What Chronic Illness Can Teach Us About Aging

I was very inspired by an article I read on Richard M. Cohen and his wife Meredith Vieira.  Together, they have been living with his chronic illness, multiple sclerosis, for over 25 years and he, now 63 years old, has lived with the knowledge of this disease since he was 25.  According to the article:

Cohen and Vieira long ago decided that, while chronic illness might affect their life together, it wouldn’t define that life.

Although Cohen’s health is deteriorating, both he and Vieira continue to work and have successfully adjusted their working schedule to allow a life together.  Cohen writes books and columns on chronic illness. In his columns, he shares that:

…. the emotional experience of living with a long-term condition is much the same for anyone who has one….

In other words, it is the recognition and acknowledgement of having to live with a chronic disease that is the big hurdle that has to be crossed by everyone who has to face this situation.

“There are so many different diseases, and they do different things to your body,” he says, “But the coping issues that go with these illnesses are remarkably similar”

So his articles focus on the challenges those with chronic illnesses face: working at keeping a positive outlook for the tomorrows in their lives and how to maintain their own self-worth.  Pain and Frustration can act to destroy relationships. Cohen, in his columns, shares advice on how to avoid this outcome.

His favorite coping mechanism is denial of how his chronic illness may encroach on his future.  As he says it:

“I deny the certainty of possible outcomes.”

After an initial adjustment period which may include shock and dealing with the logistics of the diagnosis,  families must learn not to let the disease monopolize the family’s life.  On the other hand, chronic diseases are progressive and with each progressive loss of function, everyone involved has to adjust and re-adjust.

Margaret Guroff, the author of this article, points out that there are similarities between chronic illness and aging.

In some ways, the course of a chronic illness parallels the indignities of aging.  Most of us, if we live long enough will realize that we’ve driven our last car or scaled our last fence.

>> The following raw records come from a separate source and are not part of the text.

definition pinv :: "nat \<Rightarrow> complex mat \<Rightarrow> complex mat" where
  "pinv n M = (THE X. X \<in> carrier_mat n n \<and> M * X * M = M \<and> X * M * X = X \<and>
                     adj (M * X) = M * X \<and> adj (X * M) = X * M)"

(* blocks of a 6x6 gamma: A (mode A), B (modes B,C), C (off-diagonal) *)
definition blkA :: "real mat \<Rightarrow> real mat" where
  "blkA \<gamma> = mat 2 2 (\<lambda>(i,j). \<gamma> $$ (i,j))"
definition blkB :: "real mat \<Rightarrow> real mat" where
  "blkB \<gamma> = mat 4 4 (\<lambda>(i,j). \<gamma> $$ (i+2,j+2))"
definition blkC :: "real mat \<Rightarrow> real mat" where
  "blkC \<gamma> = mat 2 4 (\<lambda>(i,j). \<gamma> $$ (i,j+2))"

(* N (S = {}) and \tilde N (S = {1}, i.e. \tilde J_BC = J1 \<oplus> -J1) *)
definition Nmat :: "nat set \<Rightarrow> real mat \<Rightarrow> complex mat" where
  "Nmat S \<gamma> = cmat (blkA \<gamma>) -
     cmat (blkC \<gamma>) * pinv 4 (cmat (blkB \<gamma>) - \<i> \<cdot>\<^sub>m Jflip 2 S) * cmat (transpose_mat (blkC \<gamma>))"

definition mtrace :: "complex mat \<Rightarrow> complex" where
  "mtrace M = (\<Sum>i<dim_row M. M $$ (i,i))"

end

theory Submission
  imports Defs "Jordan_Normal_Form.Gauss_Jordan_Elimination"
begin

As we age, we start to loose more than we gain.  This can bring about negativity, depression, fear, a sense of uselessness.  But just as Richard M. Cohen points out about chronic illness, how one ages very much depends on one’s attitude and one’s coping mechanisms.  If we spend all our time denying the aging process as a part of our life process, when it starts to happen, we will probably be less prepared when it hits us.  On the other hand, accepting that aging is all part of the life process will enable us to accept those aspects of aging more positively and allow us to be better prepared to cope with it.